The use of an anvil during prey handling fulfils the criteria of tool use and can be considered a sign of intelligence (Jones et al. 2011). Tool use has only recently been described for fishes and is currently limited to wrasses handling invertebrate prey (e.g., breaking open cockles and bivalves; Jones et al. 2011; Bernardi 2012). Here, we extend this behaviour to a further tuskfish species and provide the first documentation of this behaviour for a vertebrate prey item.

On 13 February 2014, at ~0850 h a remotely deployed video camera serendipitously filmed an adult blue tuskfish (Choerodon cyanodus) with a juvenile green turtle (Chelonia mydas) in its mouth on the shallow (<2 m) outer reef flat around Heron Island, Great Barrier Reef, Australia. Choerodon cyanodus has previously been documented as a major predator of turtles on this reef (Gyuris 1994), but how the tuskfish handles this prey item has not been recorded.
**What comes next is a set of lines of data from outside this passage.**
(* Let $\theta,\rho\in(0,1)$ and let $\mathcal I$ be a local quadrature rule with positive weights that is exact for constants (i.e. $\sum_i w_i=\mathrm{vol}(K)$ on each box $K$). Let $\Omega\in\mathbb{IR}^d$ be a box with nonempty interior, $f:\Omega\to\mathbb R$ continuous, and $F$ an interval enclosure of $f$ that is Hölder continuous on $\Omega$ with constant $C>0$ and exponent $\gamma\in(0,1]$. Run AdaQuad with quadrature rule $\mathcal I$, marking rule $\mathrm{D\ddot orfler}_\theta$ and refinement rule $\mathrm{H\ddot older}_\rho$ (using $F,C,\gamma$). Then for all $n\in\mathbb N_0$ $$\Big|\int_\Omega f(x)\,dx-\mathrm Q_n\Big|\le\eta_n\quad\text{and}\quad \eta_{n+1}\le(1-\theta(1-\rho))\,\eta_n,$$ in particular $\eta_n\to0$.
   Context: Intervals: $\mathbb{IR}=\{[\underline X,\overline X]\subset\mathbb R:\underline X\le\overline X\}$; $\mathbb{IR}^N$ denotes boxes $K=K_1\times\dots\times K_N$. Width $w([\underline X,\overline X])=\overline X-\underline X$, and for a box $w(K)=\max_iw(K_i)$. For a box $\Omega$ and $\phi:\Omega\to\mathbb R^m$, a map $F$ from boxes $K\subset\Omega$ to $\mathbb{IR}^m$ is an interval enclosure of $\phi$ if it is inclusion isotonic ($K'\subset K\Rightarrow F(K')\subset F(K)$) and $\phi(K)\subset F(K)$ for all boxes $K\subset\Omega$. $F$ is Hölder continuous on $\Omega$ with exponent $\gamma$ and constant $C$ if $w(F(K))\le Cw(K)^\gamma$ for all boxes $K\subset\Omega$. A local quadrature rule assigns $\mathcal I(f,K)=\sum_{i=1}^Nw_if(x_i)$ with weights $w_i$ and nodes $x_i\in K$. A partition of $\Omega$ is a finite set of boxes covering $\Omega$ with pairwise disjoint interiors. AdaQuad (with marking rule $\mathcal M$ and refinement rule $\mathcal R$): $\mathcal P_0=\{\Omega\}$; given $\mathcal P_n$, set $\eta_K=w(F(K))\mathrm{vol}(K)$, $\widetilde{\mathcal P}_n=\mathcal M(\mathcal P_n,(\eta_K))$, $\mathcal P_{n+1}=(\mathcal P_n\setminus\widetilde{\mathcal P}_n)\cup\bigcup_{K\in\widetilde{\mathcal P}_n}\mathcal R(K)$; outputs $\mathrm Q_n=\sum_{K\in\mathcal P_n}\mathcal I(f,K)$, $\eta_n=\sum_{K\in\mathcal P_n}w(F(K))\mathrm{vol}(K)$. $\mathrm{D\ddot orfler}_\theta$: starting from the empty marked set, repeatedly add to the marked set all unmarked elements whose indicator equals the maximum indicator among unmarked elements, as long as the sum of marked indicators is $<\theta$ times the total sum of indicators; return the marked set. $\mathrm{H\ddot older}_\rho$: for a box $K=K_1\times\dots\times K_d$ with $\eta_K=w(F(K))\mathrm{vol}(K)$: if $\eta_K=0$ return $\{K\}$; otherwise, for each $i$ let $l_i=w(K_i)$ and $m_i=\lceil l_i(C\,\mathrm{vol}(K)/(\rho\eta_K))^{1/\gamma}\rceil$, split $K_i$ into $m_i$ equal consecutive closed subintervals, and return the set of all $\prod_im_i$ product boxes formed from these subintervals. *)

theory Defs
  imports "HOL-Analysis.Analysis"
begin

text \<open>A box in R^d (d = CARD('n)) is represented by its pair of corners (lower, upper);
  it is a genuine box when lower \<le> upper componentwise, and its point set is cbox.\<close>

type_synonym 'n box = "(real^'n) \<times> (real^'n)"

definition is_box :: "'n::finite box \<Rightarrow> bool" where
  "is_box K \<longleftrightarrow> (\<forall>i. fst K $ i \<le> snd K $ i)"

definition box_set :: "'n::finite box \<Rightarrow> (real^'n) set" where
  "box_set K = cbox (fst K) (snd K)"

definition box_width :: "'n::finite box \<Rightarrow> real" where
  "box_width K = Max (range (\<lambda>i. snd K $ i - fst K $ i))"

definition box_vol :: "'n::finite box \<Rightarrow> real" where
  "box_vol K = (\<Prod>i\<in>UNIV. snd K $ i - fst K $ i)"

type_synonym ival = "real \<times> real"

definition iwidth :: "ival \<Rightarrow> real" where
  "iwidth X = snd X - fst X"

definition iset :: "ival \<Rightarrow> real set" where
  "iset X = {fst X..snd X}"

definition interval_enclosure ::
  "'n::finite box \<Rightarrow> (real^'n \<Rightarrow> real) \<Rightarrow> ('n box \<Rightarrow> ival) \<Rightarrow> bool" where
  "interval_enclosure \<Omega> \<phi> F \<longleftrightarrow>
     (\<forall>K. is_box K \<and> box_set K \<subseteq> box_set \<Omega> \<longrightarrow>
        fst (F K) \<le> snd (F K) \<and> \<phi> ` box_set K \<subseteq> iset (F K) \<and>
        (\<forall>K'. is_box K' \<and> box_set K' \<subseteq> box_set K \<longrightarrow> iset (F K') \<subseteq> iset (F K)))"

definition hoelder_continuous ::
  "'n::finite box \<Rightarrow> ('n box \<Rightarrow> ival) \<Rightarrow> real \<Rightarrow> real \<Rightarrow> bool" where
  "hoelder_continuous \<Omega> F C \<gamma> \<longleftrightarrow>
     (\<forall>K. is_box K \<and> box_set K \<subseteq> box_set \<Omega> \<longrightarrow> iwidth (F K) \<le> C * box_width K powr \<gamma>)"

definition local_quad_rule :: "('n::finite box \<Rightarrow> (real \<times> (real^'n)) list) \<Rightarrow> bool" where
  "local_quad_rule R \<longleftrightarrow> (\<forall>K. is_box K \<longrightarrow> (\<forall>(w, x)\<in>set (R K). x \<in> box_set K))"

definition positive_weights :: "('n::finite box \<Rightarrow> (real \<times> (real^'n)) list) \<Rightarrow> bool" where
  "positive_weights R \<longleftrightarrow> (\<forall>K. is_box K \<longrightarrow> (\<forall>(w, x)\<in>set (R K). w > 0))"

definition exact_for_constants :: "('n::finite box \<Rightarrow> (real \<times> (real^'n)) list) \<Rightarrow> bool" where
  "exact_for_constants R \<longleftrightarrow> (\<forall>K. is_box K \<longrightarrow> sum_list (map fst (R K)) = box_vol K)"

definition quad :: "('n::finite box \<Rightarrow> (real \<times> (real^'n)) list) \<Rightarrow> (real^'n \<Rightarrow> real) \<Rightarrow> 'n box \<Rightarrow> real" where
  "quad R f K = sum_list (map (\<lambda>(w, x). w * f x) (R K))"

definition dorfler_step :: "'a set \<Rightarrow> ('a \<Rightarrow> real) \<Rightarrow> 'a set \<Rightarrow> 'a set" where
  "dorfler_step P \<eta> M = M \<union> {K \<in> P - M. \<eta> K = Max (\<eta> ` (P - M))}"

definition dorfler :: "real \<Rightarrow> 'a set \<Rightarrow> ('a \<Rightarrow> real) \<Rightarrow> 'a set" where
  "dorfler \<theta> P \<eta> =
     (let it = (\<lambda>k. (dorfler_step P \<eta> ^^ k) {})
      in it (LEAST k. \<not> (sum \<eta> (it k) < \<theta> * sum \<eta> P)))"

definition hoelder_refine ::
  "real \<Rightarrow> real \<Rightarrow> real \<Rightarrow> ('n::finite box \<Rightarrow> ival) \<Rightarrow> 'n box \<Rightarrow> 'n box set" where
  "hoelder_refine \<rho> C \<gamma> F K =
     (let \<eta> = iwidth (F K) * box_vol K in
      if \<eta> = 0 then {K} else
      (let l = (\<lambda>i. snd K $ i - fst K $ i);
           m = (\<lambda>i. nat \<lceil>l i * (C * box_vol K / (\<rho> * \<eta>)) powr (1 / \<gamma>)\<rceil>)
       in (\<lambda>j. ((\<chi> i. fst K $ i + real (j i) * l i / real (m i)),
                (\<chi> i. fst K $ i + real (j i + 1) * l i / real (m i))))
          ` {j. \<forall>i. j i < m i}))"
Our 23-s sequence shows the tuskfish repeatedly using a small rock as an anvil while in both sideways and head-down body positions (Fig. 1; Electronic Supplementary Material). The tuskfish also uses a larger, dead coral formation as a second anvil for additional strikes. The blows either stun or kill the turtle as flipper movement seen at the start of the sequence is no longer visible when the fish exits the frame.

Fig. 1
figure 1

a–c Sequence of photographs showing Choerodon cyanodus a entering the frame with a live, juvenile Chelonia mydas, b, c striking the turtle against a rock

It is unknown whether the use of the anvil was just to incapacitate the turtle to aid prey handling or whether it also functioned to break open the carapace to help with swallowing and digestion. However, this behaviour shows that tool use may indeed be particularly common in the ancestral Choerodon genus and potentially a deep-seated behavioural trait in wrasses (Bernardi 2012), and used for a wider range of prey items than previously known. Whether this behaviour extends to other groups of fishes, allowing them to eat prey items larger than their gape size, remains a tantalising question.